• Work instructions
The lines to reproduce run from the one containing "corners k = 0,1,2" through the final line of the entries; write them out exactly and add nothing.

----- Data for processing

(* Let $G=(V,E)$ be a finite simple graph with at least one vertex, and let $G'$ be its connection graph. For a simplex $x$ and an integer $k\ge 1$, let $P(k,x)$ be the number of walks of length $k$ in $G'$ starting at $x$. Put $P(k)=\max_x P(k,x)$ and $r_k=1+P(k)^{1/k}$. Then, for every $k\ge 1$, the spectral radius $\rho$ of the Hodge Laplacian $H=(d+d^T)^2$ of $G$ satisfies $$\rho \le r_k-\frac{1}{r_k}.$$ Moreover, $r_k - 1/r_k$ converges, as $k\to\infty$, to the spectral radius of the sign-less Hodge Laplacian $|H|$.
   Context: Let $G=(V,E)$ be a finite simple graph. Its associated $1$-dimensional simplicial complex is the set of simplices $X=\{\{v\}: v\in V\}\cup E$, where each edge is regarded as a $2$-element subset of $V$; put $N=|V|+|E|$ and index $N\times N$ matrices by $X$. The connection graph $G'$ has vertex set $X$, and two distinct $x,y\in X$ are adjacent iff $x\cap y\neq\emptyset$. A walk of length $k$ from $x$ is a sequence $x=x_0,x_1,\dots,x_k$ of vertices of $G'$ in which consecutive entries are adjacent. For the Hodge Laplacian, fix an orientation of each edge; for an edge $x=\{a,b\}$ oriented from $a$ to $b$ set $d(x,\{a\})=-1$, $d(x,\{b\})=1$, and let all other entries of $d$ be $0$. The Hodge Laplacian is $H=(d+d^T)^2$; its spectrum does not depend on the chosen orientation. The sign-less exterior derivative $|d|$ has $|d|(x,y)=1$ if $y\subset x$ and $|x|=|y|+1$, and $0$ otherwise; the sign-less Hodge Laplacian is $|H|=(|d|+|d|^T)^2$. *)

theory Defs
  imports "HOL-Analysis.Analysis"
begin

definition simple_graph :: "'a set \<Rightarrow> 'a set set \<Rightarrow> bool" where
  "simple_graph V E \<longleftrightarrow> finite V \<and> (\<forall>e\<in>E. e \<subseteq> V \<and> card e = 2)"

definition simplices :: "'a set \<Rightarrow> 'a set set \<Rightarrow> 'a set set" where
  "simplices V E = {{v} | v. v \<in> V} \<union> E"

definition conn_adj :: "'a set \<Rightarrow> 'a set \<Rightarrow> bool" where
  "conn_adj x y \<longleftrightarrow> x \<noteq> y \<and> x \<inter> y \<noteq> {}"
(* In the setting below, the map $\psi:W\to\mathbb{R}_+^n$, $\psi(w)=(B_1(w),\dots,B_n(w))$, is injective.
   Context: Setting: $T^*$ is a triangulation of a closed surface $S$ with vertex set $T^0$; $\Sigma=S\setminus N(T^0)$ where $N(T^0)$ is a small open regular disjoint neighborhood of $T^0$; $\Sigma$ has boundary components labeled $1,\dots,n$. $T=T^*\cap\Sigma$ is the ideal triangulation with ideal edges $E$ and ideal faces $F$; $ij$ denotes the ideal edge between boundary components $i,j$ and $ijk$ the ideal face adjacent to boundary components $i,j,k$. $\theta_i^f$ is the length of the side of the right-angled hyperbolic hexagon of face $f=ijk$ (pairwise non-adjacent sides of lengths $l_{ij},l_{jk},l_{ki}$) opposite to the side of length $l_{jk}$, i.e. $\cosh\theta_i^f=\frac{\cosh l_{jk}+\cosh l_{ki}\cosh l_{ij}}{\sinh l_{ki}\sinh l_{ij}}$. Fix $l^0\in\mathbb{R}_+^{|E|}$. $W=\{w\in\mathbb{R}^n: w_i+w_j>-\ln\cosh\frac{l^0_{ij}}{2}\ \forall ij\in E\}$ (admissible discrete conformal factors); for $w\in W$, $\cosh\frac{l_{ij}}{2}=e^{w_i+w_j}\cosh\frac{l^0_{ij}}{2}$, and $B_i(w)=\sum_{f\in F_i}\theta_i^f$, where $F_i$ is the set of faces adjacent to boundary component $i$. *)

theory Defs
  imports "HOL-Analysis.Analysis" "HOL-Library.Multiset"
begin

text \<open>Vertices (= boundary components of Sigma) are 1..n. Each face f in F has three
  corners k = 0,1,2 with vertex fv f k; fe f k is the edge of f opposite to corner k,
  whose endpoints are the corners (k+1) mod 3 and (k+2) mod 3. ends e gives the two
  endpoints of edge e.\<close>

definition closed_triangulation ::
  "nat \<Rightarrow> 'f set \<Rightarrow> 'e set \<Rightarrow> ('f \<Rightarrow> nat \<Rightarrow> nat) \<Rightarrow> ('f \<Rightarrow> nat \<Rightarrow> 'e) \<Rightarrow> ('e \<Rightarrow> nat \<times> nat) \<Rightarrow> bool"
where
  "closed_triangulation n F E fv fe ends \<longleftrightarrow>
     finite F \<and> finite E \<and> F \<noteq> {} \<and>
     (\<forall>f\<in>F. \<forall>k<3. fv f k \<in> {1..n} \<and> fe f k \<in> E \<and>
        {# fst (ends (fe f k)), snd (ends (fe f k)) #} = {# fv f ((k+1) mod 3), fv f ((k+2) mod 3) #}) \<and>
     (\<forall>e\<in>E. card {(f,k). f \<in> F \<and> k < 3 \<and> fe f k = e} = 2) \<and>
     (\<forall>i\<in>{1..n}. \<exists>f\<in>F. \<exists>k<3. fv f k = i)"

----------

• Response below
  corners k = 0,1,2 with vertex fv f k; fe f k is the edge of f opposite to corner k,
  whose endpoints are the corners (k+1) mod 3 and (k+2) mod 3. ends e gives the two
  endpoints of edge e.\<close>

definition closed_triangulation ::
  "nat \<Rightarrow> 'f set \<Rightarrow> 'e set \<Rightarrow> ('f \<Rightarrow> nat \<Rightarrow> nat) \<Rightarrow> ('f \<Rightarrow> nat \<Rightarrow> 'e) \<Rightarrow> ('e \<Rightarrow> nat \<times> nat) \<Rightarrow> bool"
where
  "closed_triangulation n F E fv fe ends \<longleftrightarrow>
     finite F \<and> finite E \<and> F \<noteq> {} \<and>
     (\<forall>f\<in>F. \<forall>k<3. fv f k \<in> {1..n} \<and> fe f k \<in> E \<and>
        {# fst (ends (fe f k)), snd (ends (fe f k)) #} = {# fv f ((k+1) mod 3), fv f ((k+2) mod 3) #}) \<and>
     (\<forall>e\<in>E. card {(f,k). f \<in> F \<and> k < 3 \<and> fe f k = e} = 2) \<and>
     (\<forall>i\<in>{1..n}. \<exists>f\<in>F. \<exists>k<3. fv f k = i)"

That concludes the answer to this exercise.